Protezione di un URL Web quando viene chiamato da un'applicazione client

1

Stiamo sviluppando una singola app Angular2 / NodeJS che avrà un modulo basato sul web per i nostri utenti da compilare e inviare. Non abbiamo nessuna applicazione Web per i nostri utenti per accedere (quindi nessun SSO), ma il nostro gli utenti accedono alle nostre app partner, che possono essere un'applicazione Web o un dispositivo mobile, ciascuno con il proprio meccanismo di autenticazione. Le nostre applicazioni per i partner chiamano fondamentalmente la nostra API per ottenere vari contenuti e mostrarli nella loro interfaccia utente. Ora uno dei nostri contenuti avrà il link alla nuova app di forma che stiamo sviluppando.

Vogliamo proteggere la chiamata all'app Form in modo tale che la richiesta possa essere attivata solo dalle nostre app partner e da nessun altro luogo.
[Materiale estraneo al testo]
(* Let $n\ge 2$ and let $G_n=H_0H_1\cdots H_{n-1}$ be a spiro hexagonal chain of length $n$ with cut-vertices $c_1,\dots,c_{n-1}$, and let $G_{n-1}=H_0H_1\cdots H_{n-2}$. Then $$W(G_n)=W(G_{n-1})+5\,W(G_{n-1},c_{n-1})+45n-18,$$ and for every vertex $c_n$ of $H_{n-1}$ other than $c_{n-1}$, $$W(G_n,c_n)=W(G_{n-1},c_{n-1})+f(c_n),$$ where $f(c_n)=5(n-1)+9$ if $c_n$ is an ortho-vertex of $H_{n-1}$, $f(c_n)=10(n-1)+9$ if $c_n$ is a meta-vertex of $H_{n-1}$, and $f(c_n)=15(n-1)+9$ if $c_n$ is the para-vertex of $H_{n-1}$. Moreover $W(G_1)=27$ and $W(G_1,c_1)=f(c_1)=9$ for any vertex $c_1$ of $H_0$.
   Context: All graphs are simple and connected; $d(u,v)$ is the shortest-path distance. For a vertex $v$ of $G$, $W(G,v)=\sum_{u\in V(G)}d_G(u,v)$, and the Wiener index is $W(G)=\sum_{\{u,v\}\subseteq V(G)}d_G(u,v)$. A spiro hexagonal chain of length $n$, $G_n=H_0H_1\cdots H_{n-1}$, is a connected graph in which every block is a hexagon (6-cycle) $H_0,\dots,H_{n-1}$, each hexagon has at most two cut-vertices, each cut-vertex is shared by exactly two hexagons, and for $k=1,\dots,n-1$ the hexagons $H_{k-1}$ and $H_k$ share the cut-vertex $c_k$ (so $c_{k+1}\ne c_k$ are distinct vertices of $H_k$). For $k\ge1$, a vertex of $H_k$ at distance $1$, $2$, $3$ from $c_k$ is called an ortho-, meta-, para-vertex of $H_k$, denoted $o_k,m_k,p_k$ respectively (there are two ortho-, two meta- and one para-vertex). $G_1$ is a single hexagon $H_0$. *)

theory Defs
  imports Main
begin

text \<open>A graph is given by a finite vertex set V and a symmetric irreflexive
adjacency relation E (with E only relating vertices of V).\<close>

definition is_walk :: "('a \<Rightarrow> 'a \<Rightarrow> bool) \<Rightarrow> 'a \<Rightarrow> 'a \<Rightarrow> 'a list \<Rightarrow> bool" where
  "is_walk E u v p \<longleftrightarrow> p \<noteq> [] \<and> hd p = u \<and> last p = v \<and>
     (\<forall>i. Suc i < length p \<longrightarrow> E (p ! i) (p ! Suc i))"

definition gdist :: "('a \<Rightarrow> 'a \<Rightarrow> bool) \<Rightarrow> 'a \<Rightarrow> 'a \<Rightarrow> nat" where
  "gdist E u v = (LEAST l. \<exists>p. is_walk E u v p \<and> length p = Suc l)"

definition Wv :: "'a set \<Rightarrow> ('a \<Rightarrow> 'a \<Rightarrow> bool) \<Rightarrow> 'a \<Rightarrow> nat" where
  "Wv V E v = (\<Sum>u\<in>V. gdist E u v)"

text \<open>Wiener index: sum over unordered pairs = half the sum over ordered pairs.\<close>
definition Wiener :: "'a set \<Rightarrow> ('a \<Rightarrow> 'a \<Rightarrow> bool) \<Rightarrow> nat" where
  "Wiener V E = (\<Sum>u\<in>V. \<Sum>v\<in>V. gdist E u v) div 2"

text \<open>A chain is given by hv :: nat => nat => 'a, where hv k 0, ..., hv k 5 are the
vertices of hexagon H_k in cyclic order.\<close>

definition hex :: "(nat \<Rightarrow> nat \<Rightarrow> 'a) \<Rightarrow> nat \<Rightarrow> 'a set" where
  "hex hv k = hv k ` {..<6}"

definition chain_verts :: "(nat \<Rightarrow> nat \<Rightarrow> 'a) \<Rightarrow> nat \<Rightarrow> 'a set" where
  "chain_verts hv m = (\<Union>k<m. hex hv k)"

definition chain_adj :: "(nat \<Rightarrow> nat \<Rightarrow> 'a) \<Rightarrow> nat \<Rightarrow> 'a \<Rightarrow> 'a \<Rightarrow> bool" where
  "chain_adj hv m x y \<longleftrightarrow> (\<exists>k<m. \<exists>i<6.
     (x = hv k i \<and> y = hv k (Suc i mod 6)) \<or> (y = hv k i \<and> x = hv k (Suc i mod 6)))"

definition cutv :: "(nat \<Rightarrow> nat \<Rightarrow> 'a) \<Rightarrow> nat \<Rightarrow> 'a" where
  "cutv hv k = (THE x. x \<in> hex hv (k - 1) \<inter> hex hv k)"

text \<open>Spiro hexagonal chain of length n: each H_k is a 6-cycle, consecutive hexagons
share exactly one vertex (the cut-vertex c_k), non-consecutive hexagons are disjoint
(so each cut-vertex lies in exactly two hexagons and every block is a hexagon),
and c_{k+1} differs from c_k.\<close>
definition spiro_chain :: "(nat \<Rightarrow> nat \<Rightarrow> 'a) \<Rightarrow> nat \<Rightarrow> bool" where
  "spiro_chain hv n \<longleftrightarrow> n \<ge> 1 \<and>
     (\<forall>k<n. inj_on (hv k) {..<6}) \<and>
     (\<forall>k. 1 \<le> k \<and> k < n \<longrightarrow> card (hex hv (k - 1) \<inter> hex hv k) = 1) \<and>
     (\<forall>j k. Suc j < k \<and> k < n \<longrightarrow> hex hv j \<inter> hex hv k = {}) \<and>
     (\<forall>k. 1 \<le> k \<and> Suc k < n \<longrightarrow> cutv hv (Suc k) \<noteq> cutv hv k)"

end

theory Submission
  imports Defs
begin

text \<open>\<open>G\<^sub>n\<close> is the one-point union of \<open>G\<^sub>n\<^sub>-\<^sub>1\<close> and the hexagon \<open>H\<^sub>n\<^sub>-\<^sub>1\<close> at the
  cut vertex \<open>c\<^sub>n\<^sub>-\<^sub>1\<close>. In a one-point union of connected graphs every path between the
  two sides passes through the cut vertex, so a distance across it splits as
  \<open>d(u,c) + d(c,x)\<close>; summing yields \<open>W(G,x)\<close> and the total distance sum of the union in
  terms of those of the parts, their orders and the distance sums at \<open>c\<close>. In a hexagon every
  vertex has distance sum \<open>0+1+1+2+2+3 = 9\<close>, and \<open>G\<^sub>n\<^sub>-\<^sub>1\<close> has \<open>5(n-1)+1\<close> vertices;
  substituting these gives the recurrences. Distances are computed exactly by exhibiting a walk
  together with a potential that grows by at most one along every edge.\<close>

section \<open>Walks and distances\<close>

lemma is_walk_singleton [simp]: "is_walk E u v [x] \<longleftrightarrow> x = u \<and> x = v"
  unfolding is_walk_def by auto

lemma is_walk_Cons_Cons:
  "is_walk E u v (x # y # p) \<longleftrightarrow> x = u \<and> E x y \<and> is_walk E y v (y # p)"
  unfolding is_walk_def by (auto simp: nth_Cons' less_Suc_eq_0_disj split: if_splits)

lemma is_walk_nonempty: "is_walk E u v p \<Longrightarrow> p \<noteq> []"
  by (simp add: is_walk_def)

lemma is_walk_edge: "E x y \<Longrightarrow> is_walk E x y [x, y]"
  by (simp add: is_walk_Cons_Cons)

lemma is_walk_append:
  "is_walk E u v p \<Longrightarrow> is_walk E v w q \<Longrightarrow> is_walk E u w (p @ tl q)"
proof (induction p arbitrary: u rule: induct_list012)
  case 1
  then show ?case by (simp add: is_walk_def)
next
  case (2 x)
  then show ?case by (cases q) (auto simp: is_walk_def)
next
  case (3 x y p)
  then show ?case by (auto simp: is_walk_Cons_Cons)
qed

lemma is_walk_rev: "symp E \<Longrightarrow> is_walk E u v p \<Longrightarrow> is_walk E v u (rev p)"
proof (induction p arbitrary: u rule: induct_list012)
  case 1
  then show ?case by (simp add: is_walk_def)
next
  case (2 x)
  then show ?case by auto
next
  case (3 x y p)
  then have "is_walk E v y (rev (y # p))" and "is_walk E y u [y, x]"
    by (auto simp: is_walk_Cons_Cons dest: sympD)
  from is_walk_append[OF this] show ?case by simp
qed

lemma is_walk_mono: "is_walk E u v p \<Longrightarrow> (\<And>x y. E x y \<Longrightarrow> E' x y) \<Longrightarrow> is_walk E' u v p"
  unfolding is_walk_def by auto

lemma gdist_less_length: "is_walk E u v p \<Longrightarrow> gdist E u v < length p"
proof -
  assume p: "is_walk E u v p"
  then have "length p = Suc (length p - 1)" using is_walk_nonempty by fastforce
  with p have "gdist E u v \<le> length p - 1" unfolding gdist_def by (metis (mono_tags) Least_le)
  then show ?thesis using \<open>length p = Suc (length p - 1)\<close> by linarith
qed

lemma shortest_walk:
  assumes "is_walk E u v p"
  obtains q where "is_walk E u v q" and "length q = Suc (gdist E u v)"
proof -
  have "\<exists>l p. is_walk E u v p \<and> length p = Suc l"
    using assms is_walk_nonempty[OF assms] by (cases p) force+
  then have "\<exists>q. is_walk E u v q \<and> length q = Suc (gdist E u v)"
    unfolding gdist_def by (rule LeastI_ex)
  then show ?thesis using that by blast
qed

lemma gdist_self [simp]: "gdist E u u = 0"
  using gdist_less_length[of E u u "[u]"] by simp

lemma gdist_commute_le: "symp E \<Longrightarrow> is_walk E u v p \<Longrightarrow> gdist E v u \<le> gdist E u v"
  by (metis gdist_less_length is_walk_rev length_rev less_Suc_eq_le shortest_walk)

lemma gdist_commute: "symp E \<Longrightarrow> is_walk E u v p \<Longrightarrow> gdist E v u = gdist E u v"
  by (meson antisym gdist_commute_le is_walk_rev)

lemma gdist_edge_step: "is_walk E u a p \<Longrightarrow> E a b \<Longrightarrow> gdist E u b \<le> gdist E u a + 1"
proof -
  assume "is_walk E u a p" "E a b"
  then obtain q where "is_walk E u a q" "length q = Suc (gdist E u a)"
    by (meson shortest_walk)
  moreover from this have "is_walk E u b (q @ [b])"
    using is_walk_append[OF _ is_walk_edge[of E a b]] \<open>E a b\<close> by fastforce
  ultimately show ?thesis using gdist_less_length[of E u b "q @ [b]"] by simp
qed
Le app partner non possono impedire all'utente di copiare l'URL, ma vogliamo essere sicuri che la richiesta provenga dalle nostre app partner.

Qual è il modo migliore per ottenere questo risultato con una codifica minima o nulla per i nostri partner poiché non abbiamo alcun controllo sui loro cicli di sviluppo o di rilascio. Poche delle opzioni che stiamo valutando

Opzione 1:

Controlla l'intestazione http, Referer. link . Questa potrebbe non essere la soluzione giusta come a) può essere facilmente falsificato ( link ) e b) Il client può essere un'app mobile e decidere di non inviare l'intestazione

Opzione 2:

Un'altra opzione sarebbe il nostro partner per passare un token come parametro nascosto. Quindi, supponendo che qualsiasi utente esperto di tecnologie non guardi nel sorgente della pagina per trovare ciò che è il token. Ovviamente questo potrebbe richiedere qualche attività dev dai nostri partner che vorremmo evitare.

Ci sono altre soluzioni eleganti che possiamo provare

    
posta Tatha 16.06.2017 - 20:38
fonte

1 risposta

1

Stai provando a utilizzare i tuoi fornitori come provider Single Sign-On. Questo è assolutamente possibile ... se sono disposti ad implementare un protocollo di identità federato come OAuth, SAML, Kerberos, ecc. Ciò implicherebbe un notevole lavoro di ingegneria da parte loro e probabilmente un notevole lavoro burocratico e responsabilità legale dal momento che HIPAA è in gioco. (Non lo so, non sono il tuo avvocato)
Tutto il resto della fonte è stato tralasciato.